BEGIN Task input

lemma pos_count_Phi_of_pos:
  assumes "u \<in> dg lam" "0 < \<tau> u"
  shows "pos_count lam \<tau> = pos_count lam (Phi u \<tau>) + 1"
proof -
  have "{v \<in> dg lam. 0 < \<tau> v} = insert u {v \<in> dg lam. 0 < Phi u \<tau> v}"
    "u \<notin> {v \<in> dg lam. 0 < Phi u \<tau> v}"
    using assms by (auto simp: Phi_apply)
  then show ?thesis
    unfolding pos_count_def by (simp add: finite_dg)
qed

locale dist_cell_setting =
  fixes lam :: "nat list" and \<sigma> :: "nat \<times> nat \<Rightarrow> int" and u :: "nat \<times> nat" and a :: int
  assumes cell: "u \<in> dg lam"
    and label_pos: "0 < a"
    and abs_cell: "\<bar>\<sigma> u\<bar> = a"
    and label_less_row: "a < int (fst u)"
    and label_le_abs: "\<And>v. v \<in> dg lam \<Longrightarrow> a \<le> int (fst v) \<Longrightarrow> a \<le> \<bar>\<sigma> v\<bar>"
    and first_of_label: "\<And>v. v \<in> dg lam \<Longrightarrow> \<bar>\<sigma> v\<bar> = a \<Longrightarrow> v \<noteq> u \<Longrightarrow> reads_before u v"
    and nondeg: "\<not> in_degenerate_triple lam u"
begin

lemma Phi_setting: "dist_cell_setting lam (Phi u \<sigma>) u a"
  by unfold_locales
    (use cell label_pos abs_cell label_less_row label_le_abs first_of_label nondeg in auto)

lemma label_less_abs_if_reads_before:
  assumes v: "v \<in> dg lam" "reads_before v u"
  shows "a < \<bar>\<sigma> v\<bar>"
proof -
  have "a \<le> int (fst v)"
    using v(2) label_less_row unfolding reads_before_def by auto
  then have "a \<le> \<bar>\<sigma> v\<bar>"
    using label_le_abs v(1) by blast
  moreover have "\<not> reads_before u v" "v \<noteq> u"
    using v(2) unfolding reads_before_def by auto
  then have "\<bar>\<sigma> v\<bar> \<noteq> a"
    using first_of_label[OF v(1)] by blast
  ultimately show ?thesis
    by simp
qed

lemma quinv_triple_Phi:
  assumes t: "(r, i, k) \<in> triples lam"
  shows "quinv_triple lam (Phi u \<sigma>) (r, i, k) = quinv_triple lam \<sigma> (r, i, k)"
proof -
  have ri: "(r, i) \<in> dg lam" and rk: "(r, k) \<in> dg lam" and "i < k"
    and top: "(r + 1, i) \<in> dg lam \<or> part lam i = r"
    using t by (auto simp: triples_def)
  have nondeg_t: "(r + 1, i) \<in> dg lam \<and> part lam i \<noteq> r" if "u = (r, i) \<or> u = (r, k)"
    using nondeg that t top unfolding in_degenerate_triple_def degenerate_triple_def by auto
  have label: "0 < \<bar>\<sigma> u\<bar>"
    using abs_cell label_pos by simp
  consider "u = (r, i)" | "u = (r, k)" | "u = (r + 1, i)" | "u \<notin> {(r, i), (r, k), (r + 1, i)}"
    by blast
  then show ?thesis
  proof cases
    case 1
    have "\<bar>\<sigma> u\<bar> < \<bar>\<sigma> (r + 1, i)\<bar>" "\<bar>\<sigma> u\<bar> < \<bar>\<sigma> (r, k)\<bar>"
      using label_less_abs_if_reads_before nondeg_t rk 1 \<open>i < k\<close> abs_cell
      by (auto simp: reads_before_def)
    with 1 nondeg_t quinv_letters_neg_left[OF label] show ?thesis
      unfolding quinv_triple_eq triple_top_def Phi_apply by auto
  next
    case 2
    have "\<bar>\<sigma> u\<bar> < \<bar>\<sigma> (r + 1, i)\<bar>" "\<bar>\<sigma> u\<bar> \<le> \<bar>\<sigma> (r, i)\<bar>"
      using label_less_abs_if_reads_before label_le_abs ri nondeg_t 2 abs_cell label_less_row
      by (auto simp: reads_before_def)
    with 2 \<open>i < k\<close> nondeg_t quinv_letters_neg_right[OF label] show ?thesis
      unfolding quinv_triple_eq triple_top_def Phi_apply by auto
  next
    case 3
    then have "part lam i \<noteq> r"
      using cell by (auto simp: dg_def)
    moreover have "\<bar>\<sigma> u\<bar> \<le> \<bar>\<sigma> (r, i)\<bar>" "\<bar>\<sigma> u\<bar> \<le> \<bar>\<sigma> (r, k)\<bar>"
      using label_le_abs ri rk 3 label_less_row abs_cell by auto
    ultimately show ?thesis
      using 3 quinv_letters_neg_top[OF label]
      unfolding quinv_triple_eq triple_top_def Phi_apply by auto
  next
    case 4
    then show ?thesis
      unfolding quinv_triple_eq triple_top_def Phi_apply by auto
  qed
qed

lemma quinv_Phi: "quinv lam (Phi u \<sigma>) = quinv lam \<sigma>"
  unfolding quinv_def using quinv_triple_Phi by (metis (no_types, lifting) prod_cases3)

lemma maj_Phi_of_pos:
  assumes pos: "0 < \<sigma> u"
  shows "maj lam (Phi u \<sigma>) = maj lam \<sigma> + 1"
proof -
  obtain r j where u: "u = (r, j)"
    by (cases u)
  define w where "w = (r + 1, j)"
  have r: "2 \<le> r" "r \<le> part lam j" and below: "(r - 1, j) \<in> dg lam"
    using cell label_less_row label_pos unfolding u by (auto simp: dg_def)
  have "\<bar>\<sigma> u\<bar> \<le> \<bar>\<sigma> (r - 1, j)\<bar>"
    using label_le_abs[OF below] abs_cell label_less_row u by auto
  then have weight_u:
      "descent_weight lam \<sigma> u = 0" "descent_weight lam (Phi u \<sigma>) u = part lam j - r + 1"
    using Ind_left_of_least_abs[of "\<sigma> u"] Ind_left_of_least_abs[of "- \<sigma> u"] pos cell r u
    unfolding descent_weight_def descent_def Phi_apply leg_def by auto
  \<comment> \<open>also when the cell \<open>w\<close> above \<open>u\<close> is absent, since then \<open>part lam j = r\<close>\<close>
  have weight_w: "descent_weight lam \<sigma> w = part lam j - r \<and> descent_weight lam (Phi u \<sigma>) w = 0"
  proof (cases "w \<in> dg lam")
    case True
    then have "\<bar>\<sigma> u\<bar> < \<bar>\<sigma> w\<bar>"
      using label_less_abs_if_reads_before abs_cell unfolding u w_def reads_before_def by auto
    then have "Ind (\<sigma> w) (\<sigma> u)" "\<not> Ind (\<sigma> w) (- \<sigma> u)"
      using Ind_right_of_least_abs[of "\<sigma> u"] Ind_right_of_least_abs[of "- \<sigma> u"] pos by auto
    moreover have "leg lam w + 1 = part lam j - r" "(fst w - 1, snd w) = u" "w \<noteq> u"
      using True unfolding leg_def w_def u by (auto simp: dg_def)
    ultimately show ?thesis
      using True r unfolding descent_weight_def descent_def Phi_apply w_def by simp
  next
    case False
    then show ?thesis
      using cell r unfolding descent_weight_def descent_def u w_def by (auto simp: dg_def)
  qed
  have rest: "sum (descent_weight lam (Phi u \<sigma>)) (dg lam - {u, w}) =
      sum (descent_weight lam \<sigma>) (dg lam - {u, w})"
    using r u w_def by (intro sum.cong refl descent_weight_Phi_other) auto
  have "u \<noteq> w"
    using u w_def by simp
  with maj_split_two_cells[OF cell] weight_u weight_w rest show ?thesis
    by simp
qed

lemma pos_count_add_maj_Phi:
  "pos_count lam (Phi u \<sigma>) + maj lam (Phi u \<sigma>) = pos_count lam \<sigma> + maj lam \<sigma>"
proof (cases "0 < \<sigma> u")
  case True
  then show ?thesis
    using pos_count_Phi_of_pos[OF cell] maj_Phi_of_pos by simp
next
  case False
  then have "0 < Phi u \<sigma> u"
    using abs_cell label_pos by (simp add: Phi_apply)
  then show ?thesis
    using pos_count_Phi_of_pos[OF cell, of "Phi u \<sigma>"]
      dist_cell_setting.maj_Phi_of_pos[OF Phi_setting]
    by simp
qed

end

lemma dist_cell_setting_dist_cell:
  assumes "super_filling lam \<sigma>" "Phi_nondeg lam \<sigma>"
  shows "dist_cell_setting lam \<sigma> (dist_cell lam \<sigma>) (int (dist_label lam \<sigma>))"
proof -
  let ?a = "dist_label lam \<sigma>" and ?S = "{v \<in> dg lam. \<bar>\<sigma> v\<bar> = int (dist_label lam \<sigma>)}"
  have label: "has_dist_label lam \<sigma>" and nondeg: "\<not> in_degenerate_triple lam (dist_cell lam \<sigma>)"
    using assms(2) unfolding Phi_nondeg_def by auto
  obtain r j where w: "(r, j) \<in> ?S" "?a < r" and pos: "0 < ?a"
    using dist_label_witness[OF label] by auto
  have "finite ?S"
    using finite_dg by simp
  then have max: "dist_cell lam \<sigma> \<in> ?S" and ge: "(r, j) \<le> dist_cell lam \<sigma>"
    using w Max_in Max_ge unfolding dist_cell_eq_Max[OF label] by blast+
  then have "?a < fst (dist_cell lam \<sigma>)"
    using w by (cases "dist_cell lam \<sigma>") (auto simp: less_eq_prod_def)
  moreover have "reads_before (dist_cell lam \<sigma>) v" if "v \<in> ?S" "v \<noteq> dist_cell lam \<sigma>" for v
    using that \<open>finite ?S\<close> unfolding reads_before_iff_less dist_cell_eq_Max[OF label]
    by (simp add: order.not_eq_order_implies_strict)
  ultimately show ?thesis
    using max pos nondeg dist_label_le_abs[OF assms(1)] by unfold_locales auto
qed

theorem mainTheorem11:
  fixes lam :: "nat list" and \<sigma> :: "nat \<times> nat \<Rightarrow> int" and u :: "nat \<times> nat"
  assumes "is_partition lam"
    and "super_filling lam \<sigma>"
    and "Phi_nondeg lam \<sigma>"
    and "u = dist_cell lam \<sigma>"
  shows "Phi_nondeg lam (Phi u \<sigma>) \<and> dist_cell lam (Phi u \<sigma>) = u \<and>
         pos_count lam (Phi u \<sigma>) + maj lam (Phi u \<sigma>) = pos_count lam \<sigma> + maj lam \<sigma> \<and>
         quinv lam (Phi u \<sigma>) = quinv lam \<sigma>"
proof -
  interpret dist_cell_setting lam \<sigma> u "int (dist_label lam \<sigma>)"
    using dist_cell_setting_dist_cell[OF assms(2,3)] assms(4) by simp
  show ?thesis
    using assms(3,4) Phi_nondeg_Phi dist_cell_Phi pos_count_add_maj_Phi quinv_Phi by simp
qed

end
(* Let $k<n$ be coprime positive integers, $b=k/n$, and let $F\in\mathfrak{F}$ (with this $b$ and $n$). Then $F$ has an attracting periodic orbit of period $n$ all of whose points lie in the first lap $(-\infty,y_-)$ or the third lap $(y_+,\infty)$ of $F$. Moreover, both critical points $y_-$ and $y_+$ of $F$ lie in the immediate basin of attraction of this periodic orbit.
   Context: Fix coprime positive integers $k<n$ and set $b=k/n\in(0,1)$. Let $g\colon\mathbb{R}\to(0,1)$ be a $C^3$ map and $F\colon\mathbb{R}\to\mathbb{R}$, $F(x)=x+b-g(x)$. The class $\mathfrak{F}$ consists of all such $F$ for which the Schwarzian derivative $SF=\frac{F'''}{F'}-\frac32\left(\frac{F''}{F'}\right)^2$ is negative (wherever defined) and the following hold: (A) there exist $y_-,y_+$ with $b-1<y_-<0<y_+<b$ such that $0<g'(x)<1$ on $(-\infty,y_-)\cup(y_+,\infty)$, $g'(y_-)=g'(y_+)=1$, and $g'(x)>1$ on $(y_-,y_+)$; (B) $g(b-1)<b<g(b)$; (C) there exists $\varepsilon>0$ such that (C1) $g(x)<\varepsilon$ for all $x<-\frac1{2n}$; (C2) $g(x)>1-\varepsilon$ for all $x>\frac1{2n}$; (C3) $(n-1)\varepsilon<1-g(y_+)$ and $(n-1)\varepsilon<\frac1{2n}-\big(1-g(y_+)+y_+\big)$; (C4) $(n-1)\varepsilon<g(y_-)$ and $(n-1)\varepsilon<\frac1{2n}-\big(g(y_-)-y_-\big)$. Thus $F$ is increasing on $(-\infty,y_-]$ (the first lap) and on $[y_+,\infty)$ (the third lap), decreasing on $[y_-,y_+]$ (the second lap), and $y_\pm$ are its critical points. The immediate basin of attraction of an attracting periodic orbit is the union of the connected components of its basin of attraction that contain points of the orbit. *)

theory Defs
  imports "HOL-Analysis.Analysis"
begin

definition C3 :: "(real \<Rightarrow> real) \<Rightarrow> bool" where
  "C3 f \<longleftrightarrow>
     (\<forall>x. (f has_real_derivative deriv f x) (at x)) \<and>
     (\<forall>x. (deriv f has_real_derivative deriv (deriv f) x) (at x)) \<and>
     (\<forall>x. (deriv (deriv f) has_real_derivative deriv (deriv (deriv f)) x) (at x)) \<and>
     continuous_on UNIV (deriv (deriv (deriv f)))"

definition schwarzian :: "(real \<Rightarrow> real) \<Rightarrow> real \<Rightarrow> real" where
  "schwarzian F x =
     deriv (deriv (deriv F)) x / deriv F x - 3 / 2 * (deriv (deriv F) x / deriv F x) ^ 2"

definition orbit_pts :: "(real \<Rightarrow> real) \<Rightarrow> nat \<Rightarrow> real \<Rightarrow> real set" where
  "orbit_pts F m p = {(F ^^ j) p | j. j < m}"

definition periodic_pt :: "(real \<Rightarrow> real) \<Rightarrow> nat \<Rightarrow> real \<Rightarrow> bool" where
  "periodic_pt F m p \<longleftrightarrow> 0 < m \<and> (F ^^ m) p = p \<and> (\<forall>j. 0 < j \<and> j < m \<longrightarrow> (F ^^ j) p \<noteq> p)"

definition attracting_periodic_pt :: "(real \<Rightarrow> real) \<Rightarrow> nat \<Rightarrow> real \<Rightarrow> bool" where
  "attracting_periodic_pt F m p \<longleftrightarrow>
     periodic_pt F m p \<and> (F ^^ m) differentiable (at p) \<and> \<bar>deriv (F ^^ m) p\<bar> < 1"

definition basin :: "(real \<Rightarrow> real) \<Rightarrow> real set \<Rightarrow> real set" where
  "basin F Orb = {x. ((\<lambda>j. infdist ((F ^^ j) x) Orb) \<longlongrightarrow> 0) sequentially}"

definition immediate_basin :: "(real \<Rightarrow> real) \<Rightarrow> real set \<Rightarrow> real set" where
  "immediate_basin F Orb = (\<Union>q\<in>Orb. connected_component_set (basin F Orb) q)"

end

theory Submission
  imports Defs
begin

END Task input

What needs to be done: State the number of lines of the preceding material in which the word "list" is found, and nothing more.

Solved exercise: 2